[Exercise prompt]
Here is a block of records. Copy every line in it that includes "notin".

[Record excerpts]
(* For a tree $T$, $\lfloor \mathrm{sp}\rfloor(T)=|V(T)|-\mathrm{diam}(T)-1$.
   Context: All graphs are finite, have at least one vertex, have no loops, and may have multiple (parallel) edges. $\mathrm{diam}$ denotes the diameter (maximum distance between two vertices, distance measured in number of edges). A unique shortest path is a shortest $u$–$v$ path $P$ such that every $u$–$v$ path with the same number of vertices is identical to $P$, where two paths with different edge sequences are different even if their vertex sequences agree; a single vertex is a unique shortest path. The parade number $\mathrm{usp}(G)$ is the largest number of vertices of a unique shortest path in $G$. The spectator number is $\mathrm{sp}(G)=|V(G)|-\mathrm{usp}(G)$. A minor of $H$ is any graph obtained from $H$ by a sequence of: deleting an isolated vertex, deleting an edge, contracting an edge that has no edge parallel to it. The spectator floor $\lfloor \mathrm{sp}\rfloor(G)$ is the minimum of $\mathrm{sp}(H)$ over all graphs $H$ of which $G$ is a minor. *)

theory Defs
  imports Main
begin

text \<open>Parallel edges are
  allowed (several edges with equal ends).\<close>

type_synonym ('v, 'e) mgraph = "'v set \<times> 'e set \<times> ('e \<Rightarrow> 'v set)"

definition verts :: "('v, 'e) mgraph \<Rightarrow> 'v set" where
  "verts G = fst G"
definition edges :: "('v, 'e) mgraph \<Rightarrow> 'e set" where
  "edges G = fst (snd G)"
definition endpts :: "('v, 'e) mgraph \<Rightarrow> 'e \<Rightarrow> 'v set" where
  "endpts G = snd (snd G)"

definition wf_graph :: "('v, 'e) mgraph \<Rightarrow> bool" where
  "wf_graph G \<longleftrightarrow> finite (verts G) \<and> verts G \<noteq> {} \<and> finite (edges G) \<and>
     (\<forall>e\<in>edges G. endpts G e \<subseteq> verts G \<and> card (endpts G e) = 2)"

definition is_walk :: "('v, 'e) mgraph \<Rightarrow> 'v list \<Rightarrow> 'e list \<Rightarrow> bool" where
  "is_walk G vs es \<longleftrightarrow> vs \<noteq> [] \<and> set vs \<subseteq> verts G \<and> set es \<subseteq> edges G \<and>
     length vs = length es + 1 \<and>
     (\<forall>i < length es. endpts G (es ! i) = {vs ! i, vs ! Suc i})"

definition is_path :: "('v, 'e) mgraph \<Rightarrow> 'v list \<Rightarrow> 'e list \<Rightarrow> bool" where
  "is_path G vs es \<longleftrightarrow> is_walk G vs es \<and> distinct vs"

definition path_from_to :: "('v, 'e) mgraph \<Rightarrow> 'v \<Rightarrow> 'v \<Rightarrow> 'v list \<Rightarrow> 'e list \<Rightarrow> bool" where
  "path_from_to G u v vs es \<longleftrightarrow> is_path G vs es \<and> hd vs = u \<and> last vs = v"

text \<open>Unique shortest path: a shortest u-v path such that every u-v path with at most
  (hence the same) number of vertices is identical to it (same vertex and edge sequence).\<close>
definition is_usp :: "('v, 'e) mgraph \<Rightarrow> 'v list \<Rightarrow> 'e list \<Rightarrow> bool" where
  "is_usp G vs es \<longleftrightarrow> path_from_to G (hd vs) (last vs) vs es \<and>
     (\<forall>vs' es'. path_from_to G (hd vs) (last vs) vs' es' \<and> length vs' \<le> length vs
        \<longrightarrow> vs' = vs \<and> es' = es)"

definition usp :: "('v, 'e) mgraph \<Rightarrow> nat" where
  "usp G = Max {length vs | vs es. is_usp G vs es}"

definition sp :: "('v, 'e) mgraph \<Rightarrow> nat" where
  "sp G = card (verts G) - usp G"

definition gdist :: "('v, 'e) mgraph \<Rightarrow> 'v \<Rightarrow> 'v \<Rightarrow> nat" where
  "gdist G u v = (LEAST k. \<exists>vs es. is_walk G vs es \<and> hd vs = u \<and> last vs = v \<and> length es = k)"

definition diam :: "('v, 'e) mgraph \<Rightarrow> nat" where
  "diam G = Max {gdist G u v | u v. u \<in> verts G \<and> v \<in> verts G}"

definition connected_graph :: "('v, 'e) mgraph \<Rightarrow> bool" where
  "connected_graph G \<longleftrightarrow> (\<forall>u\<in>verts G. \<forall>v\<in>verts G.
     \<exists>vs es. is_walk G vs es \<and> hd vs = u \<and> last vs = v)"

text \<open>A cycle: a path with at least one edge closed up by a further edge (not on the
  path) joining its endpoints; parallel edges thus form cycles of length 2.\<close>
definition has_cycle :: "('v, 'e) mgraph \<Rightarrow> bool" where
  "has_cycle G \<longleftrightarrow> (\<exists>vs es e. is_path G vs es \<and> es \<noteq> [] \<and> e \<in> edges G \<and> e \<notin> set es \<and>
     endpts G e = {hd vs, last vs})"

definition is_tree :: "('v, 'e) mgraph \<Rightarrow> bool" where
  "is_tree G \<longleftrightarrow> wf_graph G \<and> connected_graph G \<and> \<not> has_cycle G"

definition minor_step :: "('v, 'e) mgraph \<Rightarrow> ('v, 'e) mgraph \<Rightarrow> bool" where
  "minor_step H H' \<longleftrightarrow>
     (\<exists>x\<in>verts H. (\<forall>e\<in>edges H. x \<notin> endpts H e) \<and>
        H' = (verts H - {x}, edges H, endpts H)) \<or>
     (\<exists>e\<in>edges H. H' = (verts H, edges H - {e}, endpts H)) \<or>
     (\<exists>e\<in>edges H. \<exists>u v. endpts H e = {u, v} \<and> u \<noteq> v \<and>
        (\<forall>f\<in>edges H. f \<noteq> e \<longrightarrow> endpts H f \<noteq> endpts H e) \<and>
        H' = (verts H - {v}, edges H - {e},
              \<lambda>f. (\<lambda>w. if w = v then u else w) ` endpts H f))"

[Output below]
  "has_cycle G \<longleftrightarrow> (\<exists>vs es e. is_path G vs es \<and> es \<noteq> [] \<and> e \<in> edges G \<and> e \<notin> set es \<and>
     (\<exists>x\<in>verts H. (\<forall>e\<in>edges H. x \<notin> endpts H e) \<and>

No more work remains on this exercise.